I just want a room and time to think without the pressure of withdrawal every eight hours, twelve hours on methadone, twenty four hours on Suboxone.

I pass Matshikiza, squatting in an alley, beating like porridge the insides of a fan. She’s getting the copper out. She thinks it might be just less than a kilogram. That’s about R150, if we make the daytime scrapyard, but they’re far and it’s after three. Her hair is flotsam, long with strips of fabric, strips of coloured plastic, ribbons, discarded hair extensions, bits of bright wig, braided, melted into her own impeciably matted. She flings it over her shoulder occasionally as we work, stripping the plastic casing, always talking Matshikiza, “Iris is back,” she tells me.

“And fat,” I say as we break off the metal transformer bit, “I saw her last week.”

“Returned from the farm, yes, she was clean but there was no work, now her weight is already going” and then we have to unstrand the copper wire, but there’s more copper in the cables and we need every bit we can get, and we take to trying to burn off the plastic and someone comes out a door and shouts, “FUCK OFF PARAS” and so we amble away and find a parking lot to mine our copper.

While we burn and strip and break, her hair occasionally catches a flame and singes or flames and she brushes these forest fires off like mosquitoes. “Iris was raped by a customer the other night, but she is so not wys, you know. She went to the cops. They asked her if he paid, and then told her it wasn’t rape.”

In the fading light Matshikiza shakes her hair shampoo commercial, away from the flames, “ I am not sure if the client or the cop beat her, but her eye is fucked.”

Some boys they come past us and we find out the late night scrap yard opens in half an hour and they only pay R90 a kilogram. One of the boys wants Matshikiza to go with him to the bush, so they do and I carry on stripping the wires, burning the plastic until I am sick with acrid.

The other boy stays with me, the tiknitian, out of worn holes his backpack streams wires and broken cellphone bits and random scraps of previous technology and he paces and talks to himself anxiously, starts as if being interrupted, the familiar crys-style comforting me as I choke on plastic smoke.

Matshikiza returns with R25. We walk to the scrap merchant. He weighs us in at 400 grams, we get R40. We have R65, enough for a cap and a small piece to share.
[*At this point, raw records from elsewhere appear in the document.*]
(* Let $\mathcal{T}$ be an MPQ-tree of an interval graph $G=(V,E)$, let $(x,y)\in E$ with $x$ over $y$ and $node(x)\neq node(y)$. If $node(y)$ is a P-node that is not a leaf of $\mathcal{T}$, then $(x,y)$ is not an interval edge.
   Context: Graphs are finite and simple; for $G=(V,E)$ and $e\in E$, $G-e=(V,E\setminus\{e\})$. An edge $(x,y)\in E$ of an interval graph $G$ is an interval edge if $G-(x,y)$ is an interval graph. An MPQ-tree of an interval graph $G=(V,E)$, $V=\{1,\dots,n\}$, is a rooted plane tree whose nodes are P-nodes and Q-nodes. Each P-node carries a (possibly empty) set of vertices. A Q-node has $k\ge 3$ ordered positions $1,\dots,k$; position $i$ carries a set $S_i\subseteq V$ (the $i$-th section) and a child subtree $T_i$, which may be empty. Every vertex $v$ is assigned to exactly one node $node(v)$: either $v$ lies in the set of the P-node $node(v)$, or $node(v)$ is a Q-node and $v$ lies exactly in the sections $S_{l(v)},\dots,S_{r(v)}$ of it, with $l(v)<r(v)$. For a node with child subtrees $T_1,\dots,T_k$, $V_i$ denotes the set of vertices assigned to nodes of $T_i$ ($V_i=\emptyset$ if $T_i$ is empty). The maximal cliques of $G$ are in bijection with the descending paths from the root which at a P-node continue into one of its children (stopping if there is none) and at a Q-node choose a position $i$ and continue into $T_i$ (stopping if $T_i$ is empty); the clique is the union of the sets of the visited P-nodes and the chosen sections. Reading these cliques left to right gives a linear order of the maximal cliques, and the orders obtained this way after arbitrarily permuting children of P-nodes and reversing the positions of Q-nodes are exactly the orders of the maximal cliques of $G$ in which the cliques containing any fixed vertex are consecutive. Moreover, for every Q-node with sections $S_1,\dots,S_k$: (a) $V_1\neq\emptyset$ and $V_k\ne\emptyset$; (b) $S_1\subseteq S_2$ and $S_k\subseteq S_{k-1}$; (c) $S_{i-1}\cap S_i\neq\emptyset$ for $2\le i\le k$; (d) $S_{i-1}\neq S_i$ for $2\le i\le k$; (e) $(S_i\cap S_{i+1})\setminus S_1\neq\emptyset$ and $(S_{i-1}\cap S_i)\setminus S_k\neq\emptyset$ for $2\le i\le k-1$; (f) $(S_{i-1}\cup V_{i-1})\setminus S_i\neq\emptyset$ and $(S_i\cup V_i)\setminus S_{i-1}\neq\emptyset$ for $2\le i\le k$; and further (g) no empty P-node has an empty P-node as its parent, (h) no P-node has exactly one child whose root is a P-node, (i) every child subtree of a P-node is nonempty. We say $x$ is over $y$ if $node(x)$ is the lowest common ancestor of $node(x)$ and $node(y)$ in $\mathcal{T}$. *)

theory Defs
  imports Complex_Main "HOL-Library.Multiset"
begin

definition simple_graph :: "nat set \<Rightarrow> nat set set \<Rightarrow> bool" where
  "simple_graph V E \<longleftrightarrow> finite V \<and> E \<subseteq> {{u, v} | u v. u \<in> V \<and> v \<in> V \<and> u \<noteq> v}"

definition interval_graph :: "nat set \<Rightarrow> nat set set \<Rightarrow> bool" where
  "interval_graph V E \<longleftrightarrow> simple_graph V E \<and>
     (\<exists>l r :: nat \<Rightarrow> real. (\<forall>v\<in>V. l v \<le> r v) \<and>
        (\<forall>u\<in>V. \<forall>v\<in>V. u \<noteq> v \<longrightarrow>
            ({u, v} \<in> E \<longleftrightarrow> max (l u) (l v) \<le> min (r u) (r v))))"

definition interval_edge :: "nat set \<Rightarrow> nat set set \<Rightarrow> nat \<Rightarrow> nat \<Rightarrow> bool" where
  "interval_edge V E x y \<longleftrightarrow> {x, y} \<in> E \<and> interval_graph V (E - {{x, y}})"

definition is_clique :: "nat set \<Rightarrow> nat set set \<Rightarrow> nat set \<Rightarrow> bool" where
  "is_clique V E C \<longleftrightarrow> C \<subseteq> V \<and> (\<forall>u\<in>C. \<forall>v\<in>C. u \<noteq> v \<longrightarrow> {u, v} \<in> E)"

definition max_clique :: "nat set \<Rightarrow> nat set set \<Rightarrow> nat set \<Rightarrow> bool" where
  "max_clique V E C \<longleftrightarrow> is_clique V E C \<and> (\<forall>D. is_clique V E D \<and> C \<subseteq> D \<longrightarrow> D = C)"

definition consecutive_clique_order :: "nat set \<Rightarrow> nat set set \<Rightarrow> nat set list \<Rightarrow> bool" where
  "consecutive_clique_order V E L \<longleftrightarrow> distinct L \<and> set L = {C. max_clique V E C} \<and>
     (\<forall>v i j k. i \<le> j \<and> j \<le> k \<and> k < length L \<and> v \<in> L ! i \<and> v \<in> L ! k \<longrightarrow> v \<in> L ! j)"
We make it back to the open air broken building para city, a field of people huddled under black rubbish bags trying to smoke and we get a cap and a piece and we get inside the black plastic and it smells of plastic and we smell of burnt plastic and the sweat of the day and I can tell the withdrawal is coming because I am getting my sense of smell back, and a half cap isn’t going to do it but that’s what there is and I get my foil and Matshikiza loads on a dot, and I pull in, and then we dot through it, levering in the secondary smoke, dots to prevent waste, the sickness must be diminished, feeling a small bit of relief, saving the crack for just before we have to walk back up the hill from town to Percy Osbourne, where she works and I can ask people for help, and I lean back -as much as is possible inside a black garbage bag – and say, “things are bad today.”

Exhaling, we are close under the plastic, in a very tiny room, the light is gone outside and we can only see each other when the lighter sparks on. I tell her I’ve been trying to get into Newlands rehab, because I need a free rehab, but they want me to get clean first.

Matshikiza laughs. “I went to Newlands, the orderlies there, they trade nyaope for clothes or toiletries or whatever you can give. Everyone smokes there. But they charge more, so I came back.”

We hit the crack and take off the black plastic and the street lights and the people and the rustling of so many people under black plastic whispering and exhaling and we start to walk up the hill, the taxis and the rankness, the scattered pavement cookeries, the hustling shouts dying out, behind me somewhere is the Denis Hurley Centre.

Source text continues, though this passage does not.